Moan like an autumn wind high in the lonesome tree-tops, moan soft like
you wanted somebody terrible, cry like a racing car slipping away from a
motorcycle cop, Bang-bang! you jazzmen, bang altogether drums, traps,
banjoes, horns, tin cans-make two people fight on the top of a stairway
and scratch each other's eyes in a clinch tumbling down the stairs.

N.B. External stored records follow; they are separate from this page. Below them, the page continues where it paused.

lemma exp_neg_ln_ln_two_power_le:
  assumes "\<beta> \<ge> 0"
  shows "exp (- (\<beta> * ln (ln (2 ^ Suc j)))) \<le> 2 powr \<beta> * real (Suc j) powr (- \<beta>)"
proof -
  have ln_N: "ln (2 ^ Suc j :: real) = real (Suc j) * ln 2" by (rule ln_realpow)
  have "real (Suc j) * (1 / 2) \<le> real (Suc j) * ln 2"
    using ln2_ge_two_thirds by (intro mult_left_mono) auto
  then have "real (Suc j) / 2 \<le> ln (2 ^ Suc j :: real)" unfolding ln_N by linarith
  moreover have "ln (2 ^ Suc j :: real) > 0" unfolding ln_N by simp
  then have "exp (- (\<beta> * ln (ln (2 ^ Suc j)))) = ln (2 ^ Suc j :: real) powr (- \<beta>)"
    by (simp add: powr_def)
  ultimately have "exp (- (\<beta> * ln (ln (2 ^ Suc j)))) \<le> (real (Suc j) / 2) powr (- \<beta>)"
    using assms by (simp add: powr_mono2')
  also have "\<dots> = 2 powr \<beta> * real (Suc j) powr (- \<beta>)"
    by (simp add: powr_divide powr_minus_divide)
  finally show ?thesis .
qed

lemma (in prob_space) prob_box_Aclass_exceed_le:
  fixes w :: "('d::finite \<Rightarrow> int) set \<Rightarrow> 'a \<Rightarrow> real" and g :: "real \<Rightarrow> real"
  assumes indep: "indep_vars (\<lambda>_. borel) w edges"
    and law: "\<And>e. e \<in> edges \<Longrightarrow> distr M borel (w e) = W"
    and "k \<ge> 2" and "\<epsilon> > 0"
    and growth: "real k + \<epsilon> \<le> Lambda W g CARD('d) (2 * real n) / ln (ln (2 * real n))"
    and large: "(real k + \<epsilon>) * (real k - 2) \<le> \<epsilon> * real n"
  shows "prob (all_sites_exceed M w (g (2 * real n)) (box n \<inter> Aclass i k))
           \<le> exp (- ((real k + \<epsilon> / 2) / real k * ln (ln (2 * real n))))"
proof -
  define S where "S = (box n \<inter> Aclass i k :: ('d \<Rightarrow> int) set)"
  define q where "q = measure W {..g (2 * real n)} ^ (2 * CARD('d))"
  define L where "L = ln (ln (2 * real n))"
  have pos: "real k > 0" "real k + \<epsilon> / 2 > 0" "real k + \<epsilon> > 0" "q \<ge> 0"
    using assms by (simp_all add: q_def)
  have "(real k + \<epsilon>) * L \<le> (2 * real n) ^ CARD('d) * q"
    using le_mult_of_le_divide[OF growth] pos by (simp add: Lambda_def q_def L_def)
  have "((real k + \<epsilon> / 2) / real k * L) * (real k * (real k + \<epsilon>))
      = (real k + \<epsilon> / 2) * ((real k + \<epsilon>) * L)"
    using pos by (simp add: field_simps)
  also have "\<dots> \<le> (real k + \<epsilon> / 2) * ((2 * real n) ^ CARD('d) * q)"
    using \<open>(real k + \<epsilon>) * L \<le> _\<close> pos by (intro mult_left_mono) auto
  also have "\<dots> = ((real k + \<epsilon> / 2) * (2 * real n) ^ CARD('d)) * q"
    by (simp add: mult.assoc)
  also have "\<dots> \<le> (real k * (real k + \<epsilon>) * real (card S)) * q"
    unfolding S_def using assms pos by (intro mult_right_mono card_box_Aclass_ge_real) auto
  also have "\<dots> = (real (card S) * q) * (real k * (real k + \<epsilon>))"
    by (simp add: algebra_simps)
  finally have key: "(real k + \<epsilon> / 2) / real k * L \<le> real (card S) * q"
    by (rule mult_right_le_imp_le) (use pos in simp)
  have "prob (all_sites_exceed M w (g (2 * real n)) S) \<le> exp (- real (card S) * q)"
    unfolding q_def S_def using indep law \<open>k \<ge> 2\<close>
    by (intro prob_all_sites_exceed_le) (auto simp: finite_box)
  also have "\<dots> \<le> exp (- ((real k + \<epsilon> / 2) / real k * L))"
    using key by simp
  finally show ?thesis by (simp add: S_def L_def)
qed
lemma succ_min_le:
  assumes "t > 0" "aff_dim (((\<lambda>x. t *\<^sub>R x) ` C) \<inter> Lam) \<ge> int j"
  shows "succ_min C Lam j \<le> t"
  unfolding succ_min_def using assms
  by (intro cInf_lower) (auto simp: bdd_below_def intro!: exI[of _ 0])

lemma succ_min_mono:
  assumes "\<exists>t>0. aff_dim (((\<lambda>x. t *\<^sub>R x) ` C) \<inter> Lam) \<ge> int j'" "j \<le> j'"
  shows "succ_min C Lam j \<le> succ_min C Lam j'"
  unfolding succ_min_def using assms
  by (intro cInf_superset_mono) (auto simp: bdd_below_def intro!: exI[of _ 0])

lemma section_scale_exists:
  fixes K L :: "(real ^ 'n) set"
  assumes "sym_convex_body K" "subspace L" "0 \<in> Lam"
    and "S \<subseteq> Lam \<inter> L" "independent S" "j \<le> card S"
  shows "\<exists>t>0. aff_dim (((\<lambda>x. t *\<^sub>R x) ` (K \<inter> L)) \<inter> (Lam \<inter> L)) \<ge> int j"
proof -
  obtain r where r: "r > 0" "cball 0 r \<subseteq> K" using sym_convex_body_cball_0[OF assms(1)] .
  obtain t where t: "t > 0" "S \<subseteq> (\<lambda>x. t *\<^sub>R x) ` (K \<inter> L)"
    using finite_subset_scaled_neighbourhood[OF r _ _ assms(2)] assms(4,5) independent_bound
    by (metis le_infE)
  have "0 \<in> ((\<lambda>x. t *\<^sub>R x) ` (K \<inter> L)) \<inter> (Lam \<inter> L)"
    using r assms(2,3) subspace_0 by (auto intro!: image_eqI[of 0 _ 0])
  with card_le_aff_dim[OF this _ assms(5)] t assms(4,6) show ?thesis by force
qed

locale minima_basis =
  fixes K Lam :: "(real ^ 'n) set" and a :: "nat \<Rightarrow> real ^ 'n"
  assumes body: "sym_convex_body K"
    and zero_in_Lam: "0 \<in> Lam"
    and a_Lam: "a ` {1..CARD('n)} \<subseteq> Lam"
    and a_inj: "inj_on a {1..CARD('n)}"
    and a_indep: "independent (a ` {1..CARD('n)})"
    and a_min: "\<And>j. j \<in> {1..CARD('n)} \<Longrightarrow> a j \<in> (\<lambda>x. succ_min K Lam j *\<^sub>R x) ` K"
begin

lemma scale_exists:
  assumes "j \<le> CARD('n)"
  shows "\<exists>t>0. aff_dim (((\<lambda>x. t *\<^sub>R x) ` K) \<inter> Lam) \<ge> int j"
  using section_scale_exists[OF body subspace_UNIV zero_in_Lam _ a_indep, of j]
    a_Lam assms card_image[OF a_inj] by simp

lemma zero_in_K: "0 \<in> K"
  using sym_convex_body_cball_0[OF body] by (metis centre_in_cball less_le subsetD)

lemma minimum_nonneg: "j \<le> CARD('n) \<Longrightarrow> 0 \<le> succ_min K Lam j"
  using succ_min_nonneg scale_exists by blast
(* canonical toppling: step k yields (block_k, configuration after toppling blocks 0..k),
   block 0 = {0} (sink); odd blocks: unstable columns, even blocks >= 2: unstable rows *)
primrec canon_step :: "nat \<Rightarrow> nat set \<Rightarrow> (nat \<Rightarrow> nat) \<Rightarrow> nat \<Rightarrow> nat set \<times> (nat \<Rightarrow> int)" where
  "canon_step n R c 0 =
     ({0}, \<lambda>u. if u \<in> {1..n} then int (c u) + (if adj n R 0 u then 1 else 0) else 0)"
| "canon_step n R c (Suc k) =
     (let x = snd (canon_step n R c k);
          B = {u \<in> {1..n}. u \<in> (if odd (Suc k) then cols n R else R) \<and> int (deg n R u) \<le> x u}
      in (B, \<lambda>u. if u \<in> {1..n}
                   then x u + int (card {v \<in> B. adj n R v u}) - (if u \<in> B then int (deg n R u) else 0)
                   else 0))"

(* the k-th block of CanonTop(c) = (U^(0), V^(1), U^(1), V^(2), ...) *)
definition canon_block :: "nat \<Rightarrow> nat set \<Rightarrow> (nat \<Rightarrow> nat) \<Rightarrow> nat \<Rightarrow> nat set" where
  "canon_block n R c k = fst (canon_step n R c k)"

definition canonU :: "nat \<Rightarrow> nat set \<Rightarrow> (nat \<Rightarrow> nat) \<Rightarrow> nat \<Rightarrow> nat set" where
  "canonU n R c i = canon_block n R c (2 * i)"

definition canonV :: "nat \<Rightarrow> nat set \<Rightarrow> (nat \<Rightarrow> nat) \<Rightarrow> nat \<Rightarrow> nat set" where
  "canonV n R c i = (if i = 0 then {} else canon_block n R c (2 * i - 1))"

definition canon_index :: "nat \<Rightarrow> nat set \<Rightarrow> (nat \<Rightarrow> nat) \<Rightarrow> nat \<Rightarrow> nat" where
  "canon_index n R c v = (LEAST k. v \<in> canon_block n R c k)"

definition minrec :: "nat \<Rightarrow> nat set \<Rightarrow> (nat \<Rightarrow> nat) \<Rightarrow> (nat \<Rightarrow> nat)" where
  "minrec n R c = (\<lambda>j. if j \<in> {1..n} then
      (if (\<exists>i. j \<in> canonU n R c i)
       then card {l. \<exists>i k. j \<in> canonU n R c i \<and> i < k \<and> l \<in> canonV n R c k \<and> j < l}
       else card {l. \<exists>i k. j \<in> canonV n R c i \<and> i \<le> k \<and> l \<in> canonU n R c k \<and> l < j})
    else 0)"

(* tableaux: T i j = True means entry 1 in row i, column j; False outside F *)
type_synonym tableau = "nat \<Rightarrow> nat \<Rightarrow> bool"

definition EWtab :: "nat \<Rightarrow> nat set \<Rightarrow> tableau set" where
  "EWtab n R = {T.
     (\<forall>i j. T i j \<longrightarrow> cell n R i j) \<and>
     (\<forall>j. cell n R 0 j \<longrightarrow> T 0 j) \<and>
     (\<forall>i\<in>R - {0}. \<exists>j. cell n R i j \<and> \<not> T i j) \<and>
     (\<forall>i i' j j'. i < i' \<longrightarrow> j < j' \<longrightarrow>
        cell n R i j \<longrightarrow> cell n R i j' \<longrightarrow> cell n R i' j \<longrightarrow> cell n R i' j' \<longrightarrow>
        \<not> ((\<not> T i j \<and> \<not> T i' j' \<and> T i j' \<and> T i' j) \<or>
           (T i j \<and> T i' j' \<and> \<not> T i j' \<and> \<not> T i' j)))}"

definition row_ones :: "nat \<Rightarrow> nat set \<Rightarrow> tableau \<Rightarrow> nat \<Rightarrow> nat" where
  "row_ones n R T i = card {j. cell n R i j \<and> T i j}"
definition row_zeros :: "nat \<Rightarrow> nat set \<Rightarrow> tableau \<Rightarrow> nat \<Rightarrow> nat" where
  "row_zeros n R T i = card {j. cell n R i j \<and> \<not> T i j}"
definition col_ones :: "nat \<Rightarrow> nat set \<Rightarrow> tableau \<Rightarrow> nat \<Rightarrow> nat" where
  "col_ones n R T j = card {i. cell n R i j \<and> T i j}"
definition col_zeros :: "nat \<Rightarrow> nat set \<Rightarrow> tableau \<Rightarrow> nat \<Rightarrow> nat" where
  "col_zeros n R T j = card {i. cell n R i j \<and> \<not> T i j}"

definition phi_TC :: "nat \<Rightarrow> nat set \<Rightarrow> tableau \<Rightarrow> (nat \<Rightarrow> nat)" where
  "phi_TC n R T = (\<lambda>i. if i \<in> {1..n} then
       (if i \<in> R then row_ones n R T i else col_zeros n R T i) else 0)"

definition phi_CT :: "nat \<Rightarrow> nat set \<Rightarrow> (nat \<Rightarrow> nat) \<Rightarrow> tableau" where
  "phi_CT n R c = (THE T. T \<in> EWtab n R \<and> phi_TC n R T = c)"

definition DecEWtab :: "nat \<Rightarrow> nat set \<Rightarrow> (tableau \<times> (nat \<Rightarrow> nat)) set" where
  "DecEWtab n R = {(T, x). T \<in> EWtab n R \<and>
      (\<forall>i. i \<notin> {1..n} \<longrightarrow> x i = 0) \<and>
      (\<forall>i\<in>{1..n}. (i \<in> R \<longrightarrow> x i < row_zeros n R T i) \<and>
                  (i \<notin> R \<longrightarrow> x i < col_ones n R T i))}"

definition psi :: "nat \<Rightarrow> nat set \<Rightarrow> (nat \<Rightarrow> nat) \<Rightarrow> tableau \<times> (nat \<Rightarrow> nat)" where
  "psi n R x = (phi_CT n R (minrec n R x),
                \<lambda>i. if i \<in> {1..n} then x i - minrec n R x i else 0)"

definition Rec_EW :: "nat \<Rightarrow> nat set \<Rightarrow> (tableau \<times> (nat \<Rightarrow> nat)) set" where
  "Rec_EW n R = psi n R ` Rec n R"

definition supp :: "nat \<Rightarrow> nat set \<Rightarrow> tableau \<Rightarrow> nat \<Rightarrow> nat \<Rightarrow> bool" where
  "supp n R T i j \<longleftrightarrow>
     canon_index n R (phi_TC n R T) i < canon_index n R (phi_TC n R T) j"

definition cornersupport :: "nat \<Rightarrow> nat set \<Rightarrow> tableau \<Rightarrow> nat \<Rightarrow> nat \<Rightarrow> bool" where
  "cornersupport n R T j k \<longleftrightarrow>
     (\<exists>j'\<in>R. \<exists>k'\<in>cols n R. j' \<noteq> j \<and> k' \<noteq> k \<and>
        supp n R T j' k' \<noteq> T j k \<and> supp n R T j' k = T j k \<and> supp n R T j k' = T j k)"

definition nu :: "nat \<Rightarrow> nat set \<Rightarrow> tableau \<Rightarrow> nat \<Rightarrow> nat" where
  "nu n R T j = (if j \<in> R
     then card {k. cell n R j k \<and> \<not> T j k \<and> \<not> cornersupport n R T j k}
     else card {i. cell n R i j \<and> T i j \<and> \<not> cornersupport n R T i j})"

end

theory Submission
  imports Defs
begin
lemma alg_isomorphic_A6_if_natural_basis:
  fixes M :: "'a::field alg2"
  assumes bil: "bilinear2 M" and nb: "natural_basis M f1 f2"
    and sq1: "M f1 f1 = vzero" and sq2: "M f2 f2 = f1"
  shows "alg_isomorphic M A6"
proof -
  have "M f1 f2 = vzero" and "M f2 f1 = vzero" and basis: "is_basis2 f1 f2"
    using nb unfolding natural_basis_def by blast+
  then have "from_coords f1 f2 (A6 u w) = M (from_coords f1 f2 u) (from_coords f1 f2 w)" for u w
    using sq1 sq2
    by (simp add: from_coords_def A6_def bilinear2_lincomb_left[OF bil]
        bilinear2_lincomb_right[OF bil]) (simp add: vadd_def smul_def)
  then have "alg_isomorphic A6 M"
    using linear2_from_coords bij_from_coords[OF basis] unfolding alg_isomorphic_def by blast
  then show ?thesis by (rule alg_isomorphic_sym)
qed

lemma natural_basis_commute: "natural_basis M b1 b2 \<longleftrightarrow> natural_basis M b2 b1"
  unfolding natural_basis_def using is_basis2_commute by blast

lemma natural_basis_smul_left:
  assumes "bilinear2 M" and "k \<noteq> 0" and "natural_basis M b1 b2"
  shows "natural_basis M (smul k b1) b2"
proof -
  have "M (smul k b1) b2 = smul k (M b1 b2)" and "M b2 (smul k b1) = smul k (M b2 b1)"
    using assms(1) unfolding bilinear2_def by blast+
  then show ?thesis
    using assms(2,3) is_basis2_smul_smul_iff[of k b1 1 b2] unfolding natural_basis_def by simp
qed

lemma alg_isomorphic_A6_if_square_eq_smul:
  fixes M :: "'a::field alg2"
  assumes bil: "bilinear2 M" and nb: "natural_basis M b1 b2"
    and sq1: "M b1 b1 = vzero" and sq2: "M b2 b2 = smul k b1" and k: "k \<noteq> 0"
  shows "alg_isomorphic M A6"
proof (rule alg_isomorphic_A6_if_natural_basis[OF bil])
  show "natural_basis M (smul k b1) b2"
    using bil k nb by (rule natural_basis_smul_left)
  show "M (smul k b1) (smul k b1) = vzero"
    using sq1 by (simp add: bilinear2_smul_smul[OF bil])
qed (rule sq2)

lemma mul_in_alg_sq: "M x y \<in> alg_sq M"
  unfolding alg_sq_def by (rule vspan_base) blast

Can the rough stuff ... now a Mississippi steamboat pushes up the night
river with a hoo-hoo-hoo-oo ... and the green lanterns calling to the high
soft stars ... a red moon rides on the humps of the low river hills ...
go to it, O jazzmen.
Same Song
Pat Mora
While my sixteen-year-old son sleeps,
my twelve-year-old daughter
stumbles into the bathroom at 6 a. m.
plugs in the curling iron
squeezes into faded jeans
curls her hair carefully
strokes Aztec Blue shadow on her eyelids
smoothes Frosted Mauve blusher on her
cheeks
outlines her mouth in Neon Pink
peers into the mirror, mirror on the wall
frowns, at her face, her eyes, her skin,
not fair.
At night this daughter
stumbles off to bed at nine
eyes half-shut while my son
jogs a mile in the cold dark
then lifts weights in the garage
curls and bench presses
expanding biceps, triceps, pectorals
one-handed push-ups, and hundred sit-ups
peers into that mirror, mirror and frowns
too.
Ode to My Socks
Pablo Neruda (translated by Robert Bly)
Mara Mori brought me
a pair of socks
which she knitted herself
with her sheepherder's hands,
two socks as soft as rabbits.
I slipped my feet into them
as if they were two cases
knitted with threads of twilight and goatskin,
Violent socks,
my feet were two fish made of wool,
two long sharks
sea blue, shot through
by one golden thread,
two immense blackbirds,
two cannons,
my feet were honored in this way
by these heavenly socks.
They were so handsome for the first time
my feet seemed to me unacceptable
like two decrepit firemen,
firemen unworthy of that woven fire,
of those glowing socks.
Nevertheless, I resisted the sharp temptation
to save them somewhere as schoolboys
keep fireflies,
as learned men collect
sacred texts,
I resisted the mad impulse to put them
in a golden cage and each day give them
birdseed and pieces of pink melon.
Like explorers in the jungle
who hand over the very rare green deer
to the spit and eat it with remorse,
I stretched out my feet and pulled on
the magnificent socks and then my shoes.
The moral of my ode is this:
beauty is twice beauty
and what is good is doubly good
when it is a matter of two socks
made of wool in winter.
SIMILE
N. Scott Momaday
What did we say to each other
that now we are as the deer
who walk in single file
with heads high
with ears forward
with eyes watchful
with hooves always placed on firm ground
in whose limbs there is latent flight
Sonnet #18
William Shakespeare
Shall I compare thee to a Summer's day?
Thou art more lovely and more temperate:
Rough winds do shake the darling buds of May,
And Summer's lease hath all too short a date:
Sometime too hot the eye of heaven shines,
And oft' is his gold complexion dimm'd;
And every fair from fair sometime declines,
By chance or nature's changing course untrimm'd:
But thy eternal Summer shall not fade
Nor lose possession of that fair thou owest;
Nor shall Death brag thou wanderest in his shade,
When in eternal lines to time thou growest:
So long as men can breathe, or eyes can see,
So long lives this, and this gives life to thee.